Supply Chain Council of European Union |

Survey: Poor supplier data is hurting procurement and sourcing organizations | 2020-05-20

Poor supplier data is causing a staggering number of critical issues for procurement organizations, including project delays, unhappy clients, and financial loss, among others, according to a survey from Big Data firm Tealbook, released Tuesday.

The 2020 Supplier Information Study revealed that companies are experiencing severe problems because of misinformation and outdated supplier records. The study polled 250 procurement and sourcing executives and was conducted for Tealbook by Wakefield Research.
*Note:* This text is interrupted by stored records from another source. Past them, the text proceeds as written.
lemma overlaps_small:
  "\<exists>R>0. \<forall>x. R \<le> \<bar>x\<bar> \<longrightarrow>
     (\<integral>\<^sup>+y. ennreal (exp (- V1 y) * exp (- V2 (y - x))) \<partial>lborel) \<le> ennreal (lam / 2) \<and>
     (\<integral>\<^sup>+y. ennreal (exp (- V1 y) * exp (- V2 (x - y))) \<partial>lborel) \<le> ennreal (lam / 2)"
proof -
  have exp_V1_lim: "((\<lambda>y. exp (- V1 y)) \<longlongrightarrow> 0) at_infinity"
    using filterlim_compose[OF exp_at_bot] V1_at_infinity by (simp add: filterlim_uminus_at_top)
  have reflected: "(\<integral>\<^sup>+w. f (- w) \<partial>lborel) = (\<integral>\<^sup>+w. f w \<partial>lborel)"
    if "f \<in> borel_measurable borel" for f :: "real \<Rightarrow> ennreal"
    using nn_integral_lborel_reflect[OF that, of 0] by simp
  have "\<exists>R>0. \<forall>x. R \<le> \<bar>x\<bar> \<longrightarrow>
      (\<integral>\<^sup>+y. ennreal (exp (- V1 y) * exp (- V2 (y - x))) \<partial>lborel) \<le> ennreal (lam / 2)"
    using exp_V1_le exp_V1_lim exp_V2_mass_finite exp_V2_moment_finite lam_pos
    by (intro nn_integral_translate_product_vanishes[where A = "exp (- c1)"]) auto
  then obtain R1 where "R1 > 0" and R1: "\<And>x. R1 \<le> \<bar>x\<bar> \<Longrightarrow>
      (\<integral>\<^sup>+y. ennreal (exp (- V1 y) * exp (- V2 (y - x))) \<partial>lborel) \<le> ennreal (lam / 2)"
    by blast
  have "\<exists>R>0. \<forall>x. R \<le> \<bar>x\<bar> \<longrightarrow>
      (\<integral>\<^sup>+y. ennreal (exp (- V1 y) * exp (- V2 (- (y - x)))) \<partial>lborel) \<le> ennreal (lam / 2)"
    using exp_V1_le exp_V1_lim lam_pos
      exp_V2_mass_finite reflected[of "\<lambda>w. ennreal (exp (- V2 w))"]
      exp_V2_moment_finite reflected[of "\<lambda>w. ennreal (\<bar>w\<bar> * exp (- V2 w))"]
    by (intro nn_integral_translate_product_vanishes[where A = "exp (- c1)" and b = "\<lambda>w. exp (- V2 (- w))"]) auto
  then obtain R2 where R2: "\<And>x. R2 \<le> \<bar>x\<bar> \<Longrightarrow>
      (\<integral>\<^sup>+y. ennreal (exp (- V1 y) * exp (- V2 (- (y - x)))) \<partial>lborel) \<le> ennreal (lam / 2)"
    by blast
  show ?thesis
    using \<open>R1 > 0\<close> R1 R2 by (intro exI[of _ "max R1 R2"]) auto
qed

lemma scaled_overlap_reflected_le:
  assumes "0 < R"
    and small: "\<And>z. R \<le> \<bar>z\<bar> \<Longrightarrow> (\<integral>\<^sup>+y. ennreal (exp (- V1 y) * exp (- V2 (z - y))) \<partial>lborel) \<le> ennreal (lam / 2)"
    and "0 \<le> s" "s \<le> \<bar>z\<bar>"
  shows "ennreal s * (\<integral>\<^sup>+y. ennreal (exp (- V1 y) * exp (- V2 (z - y))) \<partial>lborel)
      \<le> ennreal (s * (lam / 2) + R * exp (- c1) * exp_V2_mass)"
proof (cases "R \<le> \<bar>z\<bar>")
  case True
  then have "ennreal s * (\<integral>\<^sup>+y. ennreal (exp (- V1 y) * exp (- V2 (z - y))) \<partial>lborel) \<le> ennreal s * ennreal (lam / 2)"
    by (intro mult_left_mono small) auto
  also have "\<dots> \<le> ennreal (s * (lam / 2) + R * exp (- c1) * exp_V2_mass)"
    using assms lam_pos masses_nonneg by (simp add: ennreal_mult[symmetric] ennreal_leI)
  finally show ?thesis .
next
  case False
  have "ennreal s * (\<integral>\<^sup>+y. ennreal (exp (- V1 y) * exp (- V2 (z - y))) \<partial>lborel)
      \<le> ennreal s * ennreal (exp (- c1) * exp_V2_mass)"
    by (intro mult_left_mono overlap_reflected_le) auto
  also have "\<dots> \<le> ennreal (s * (lam / 2) + R * exp (- c1) * exp_V2_mass)"
  proof -
    have "s * (exp (- c1) * exp_V2_mass) \<le> R * (exp (- c1) * exp_V2_mass)"
      using False assms masses_nonneg by (intro mult_right_mono) auto
    moreover have "0 \<le> s * (lam / 2)" using assms lam_pos by simp
    ultimately have "s * (exp (- c1) * exp_V2_mass) \<le> s * (lam / 2) + R * exp (- c1) * exp_V2_mass"
      unfolding mult.assoc by linarith
    moreover have "ennreal s * ennreal (exp (- c1) * exp_V2_mass) = ennreal (s * (exp (- c1) * exp_V2_mass))"
      using assms masses_nonneg by (simp add: ennreal_mult)
    ultimately show ?thesis by (metis ennreal_leI)
  qed
  finally show ?thesis .
qed

lemma weighted_overlap_le:
  assumes "0 < R"
    and small: "\<And>z. R \<le> \<bar>z\<bar> \<Longrightarrow> (\<integral>\<^sup>+y. ennreal (exp (- V1 y) * exp (- V2 (z - y))) \<partial>lborel) \<le> ennreal (lam / 2)"
    and [measurable]: "m \<in> borel_measurable borel"
    and m_nonneg: "\<And>y. 0 \<le> m y" and m_le: "\<And>y. m y \<le> \<bar>y\<bar>"
    and m_lipschitz: "\<And>y z. m y \<le> m z + \<bar>z - y\<bar>"
  shows "(\<integral>\<^sup>+y. ennreal (m y * (exp (- V1 y) * exp (- V2 (z - y)))) \<partial>lborel)
      \<le> ennreal (m z * (lam / 2) + R * exp (- c1) * exp_V2_mass + exp (- c1) * exp_V2_moment)"
proof -
  let ?overlap = "\<integral>\<^sup>+y. ennreal (exp (- V1 y) * exp (- V2 (z - y))) \<partial>lborel"
  have "m y * (exp (- V1 y) * exp (- V2 (z - y)))
      \<le> m z * (exp (- V1 y) * exp (- V2 (z - y))) + exp (- c1) * (\<bar>z - y\<bar> * exp (- V2 (z - y)))" for y
  proof -
    have "m y * (exp (- V1 y) * exp (- V2 (z - y)))
        \<le> m z * (exp (- V1 y) * exp (- V2 (z - y))) + \<bar>z - y\<bar> * exp (- V2 (z - y)) * exp (- V1 y)"
      using mult_right_mono[OF m_lipschitz[of y z], of "exp (- V1 y) * exp (- V2 (z - y))"]
      by (simp add: algebra_simps)
    also have "\<dots> \<le> m z * (exp (- V1 y) * exp (- V2 (z - y))) + \<bar>z - y\<bar> * exp (- V2 (z - y)) * exp (- c1)"
      using exp_V1_le by (intro add_left_mono mult_left_mono) auto
    finally show ?thesis by (simp add: mult_ac)
  qed
  then have "(\<integral>\<^sup>+y. ennreal (m y * (exp (- V1 y) * exp (- V2 (z - y)))) \<partial>lborel)
      \<le> (\<integral>\<^sup>+y. ennreal (m z * (exp (- V1 y) * exp (- V2 (z - y))) + exp (- c1) * (\<bar>z - y\<bar> * exp (- V2 (z - y)))) \<partial>lborel)"
    by (intro nn_integral_mono ennreal_leI)
  also have "\<dots> = ennreal (m z) * ?overlap
      + ennreal (exp (- c1)) * (\<integral>\<^sup>+y. ennreal (\<bar>z - y\<bar> * exp (- V2 (z - y))) \<partial>lborel)"
    using m_nonneg by (intro nn_integral_linear_combination) auto
  also have "(\<integral>\<^sup>+y. ennreal (\<bar>z - y\<bar> * exp (- V2 (z - y))) \<partial>lborel) = ennreal exp_V2_moment"
    unfolding nn_integral_exp_V2_moment[symmetric] by (rule nn_integral_lborel_reflect) measurable
  also have "ennreal (exp (- c1)) * ennreal exp_V2_moment = ennreal (exp (- c1) * exp_V2_moment)"
    using masses_nonneg by (simp add: ennreal_mult)
  also have "ennreal (m z) * ?overlap \<le> ennreal (m z * (lam / 2) + R * exp (- c1) * exp_V2_mass)"
    using m_nonneg m_le by (intro scaled_overlap_reflected_le[OF \<open>0 < R\<close> small])
  finally show ?thesis
    using m_nonneg[of z] lam_pos \<open>0 < R\<close> masses_nonneg by (simp add: ennreal_plus[symmetric] del: ennreal_plus)
qed
inductive gmove :: "'a \<Rightarrow> ('s \<Rightarrow> 'a \<Rightarrow> 's \<Rightarrow> bool) \<Rightarrow> ('s, 'a) conf \<Rightarrow> ('s, 'a) conf \<Rightarrow> bool"
  for tau :: 'a and step :: "'s \<Rightarrow> 'a \<Rightarrow> 's \<Rightarrow> bool" where
  S1: "c \<noteq> None \<Longrightarrow> gmove tau step (Conf Spoiler p c m r) (Conf Duplicator p c m Star)"
| S2a: "step s a s' \<Longrightarrow>
     gmove tau step (Conf Spoiler (s, t) None m r)
       (Conf Duplicator (s, t) (Some (a, s')) (Some (t, Frown)) Star)"
| S2b: "step s a s' \<Longrightarrow> c \<noteq> Some (a, s') \<Longrightarrow>
     gmove tau step (Conf Spoiler (s, t) c m r)
       (Conf Duplicator (s, t) (Some (a, s')) (Some (t, Frown)) Check)"
| S3: "step t a t' \<Longrightarrow>
     gmove tau step (Conf Spoiler (s, t) c m r)
       (Conf Duplicator (t, s) (Some (a, t')) (Some (s, Frown)) Check)"
| D1: "a = tau \<Longrightarrow>
     gmove tau step (Conf Duplicator (u, v) (Some (a, u')) (Some (vb, f)) r)
       (Conf Spoiler (u', vb) None None Check)"
| D2a: "f = Frown \<Longrightarrow> step vb a v' \<Longrightarrow>
     gmove tau step (Conf Duplicator (u, v) (Some (a, u')) (Some (vb, f)) r)
       (Conf Spoiler (u', v') (Some (a, u')) (Some (v', Smile)) Star)"
| D2b: "f = Frown \<Longrightarrow> step vb a v' \<Longrightarrow>
     gmove tau step (Conf Duplicator (u, v) (Some (a, u')) (Some (vb, f)) r)
       (Conf Spoiler (u', v') None None Check)"
| D3a: "step vb tau v' \<Longrightarrow>
     gmove tau step (Conf Duplicator (u, v) (Some (a, u')) (Some (vb, f)) r)
       (Conf Spoiler (u, v') (Some (a, u')) (Some (v', f)) Star)"
| D3b: "f = Smile \<Longrightarrow> step vb tau v' \<Longrightarrow>
     gmove tau step (Conf Duplicator (u, v) (Some (a, u')) (Some (vb, f)) r)
       (Conf Spoiler (u', v') None None Check)"

text \<open>Duplicator strategies are history dependent: they map a nonempty finite play prefix
  (ending in a Duplicator configuration) to the next configuration.\<close>
type_synonym ('s, 'a) strategy = "('s, 'a) conf list \<Rightarrow> ('s, 'a) conf"

definition legal_strategy :: "'a \<Rightarrow> ('s \<Rightarrow> 'a \<Rightarrow> 's \<Rightarrow> bool) \<Rightarrow> ('s, 'a) strategy \<Rightarrow> bool" where
  "legal_strategy tau step \<sigma> \<longleftrightarrow> (\<forall>h. h \<noteq> [] \<and> owner (last h) = Duplicator \<and>
       (\<exists>c'. gmove tau step (last h) c') \<longrightarrow> gmove tau step (last h) (\<sigma> h))"

definition fin_play :: "'a \<Rightarrow> ('s \<Rightarrow> 'a \<Rightarrow> 's \<Rightarrow> bool) \<Rightarrow> ('s, 'a) strategy \<Rightarrow> ('s, 'a) conf
    \<Rightarrow> ('s, 'a) conf list \<Rightarrow> bool" where
  "fin_play tau step \<sigma> c0 p \<longleftrightarrow> p \<noteq> [] \<and> hd p = c0 \<and>
     (\<forall>i. Suc i < length p \<longrightarrow> gmove tau step (p ! i) (p ! Suc i) \<and>
        (owner (p ! i) = Duplicator \<longrightarrow> p ! Suc i = \<sigma> (take (Suc i) p))) \<and>
     \<not> (\<exists>c'. gmove tau step (last p) c')"

definition inf_play :: "'a \<Rightarrow> ('s \<Rightarrow> 'a \<Rightarrow> 's \<Rightarrow> bool) \<Rightarrow> ('s, 'a) strategy \<Rightarrow> ('s, 'a) conf
    \<Rightarrow> (nat \<Rightarrow> ('s, 'a) conf) \<Rightarrow> bool" where
  "inf_play tau step \<sigma> c0 \<rho> \<longleftrightarrow> \<rho> 0 = c0 \<and>
     (\<forall>i. gmove tau step (\<rho> i) (\<rho> (Suc i)) \<and>
        (owner (\<rho> i) = Duplicator \<longrightarrow> \<rho> (Suc i) = \<sigma> (map \<rho> [0..<Suc i])))"

text \<open>Duplicator wins a finite play iff Spoiler is stuck at its end, and an infinite play iff
  it has infinitely many Check rewards.\<close>
definition winning_strategy :: "'a \<Rightarrow> ('s \<Rightarrow> 'a \<Rightarrow> 's \<Rightarrow> bool) \<Rightarrow> ('s, 'a) strategy
    \<Rightarrow> ('s, 'a) conf \<Rightarrow> bool" where
  "winning_strategy tau step \<sigma> c0 \<longleftrightarrow> legal_strategy tau step \<sigma> \<and>
     (\<forall>p. fin_play tau step \<sigma> c0 p \<longrightarrow> owner (last p) = Spoiler) \<and>
     (\<forall>\<rho>. inf_play tau step \<sigma> c0 \<rho> \<longrightarrow> (\<exists>\<^sub>\<infinity>i. rew (\<rho> i) = Check))"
Among the key findings, the report showed that 93% of procurement and supply chain leaders had experienced adverse effects due to misinformation about their suppliers, and nearly half (47%) said they experience such negative effects on a regular basis. The survey shines a light on the vital role supplier data is playing in organizations around the world, the authors said.

“Trusted supplier information is the most critical asset a procurement organization can possess. This information is the fuel that powers all procurement technology, it influences billions of dollars of business decisions, and without it, organizations lose the ability to be agile when supply chains become overrun,” Matt Palackdharry, vice president of sales and commercial strategy for Tealbook, said in a statement explaining the survey results.

Among the other survey findings:  

  • 81% of respondents said they are not completely confident in their supplier data.
  • 60% of executives reporting outdated supplier information say that it took them four days to update that information, showing that even seemingly small hiccups can cause severe negative consequences, such as missed deadlines (51%), unhappy clients (42%) or even financial loss (40%).
  • Both procurement organizations and suppliers are hurt by poor data: consequences include wasted time (63%), delays in projects (47%), and terminated supplier relationships.
  • More than half of respondents (58%) who use a supplier portal say that they don’t trust their suppliers to always keep their information up-to-date. 

“The need for trusted supplier information will only continue to increase over time,” Palackdharry added. “The whole world is feeling the effects of Covid-19, and geopolitical issues will force us to rethink regional economic structures. Without trusted supplier information, making informed decisions during this time is impossible.”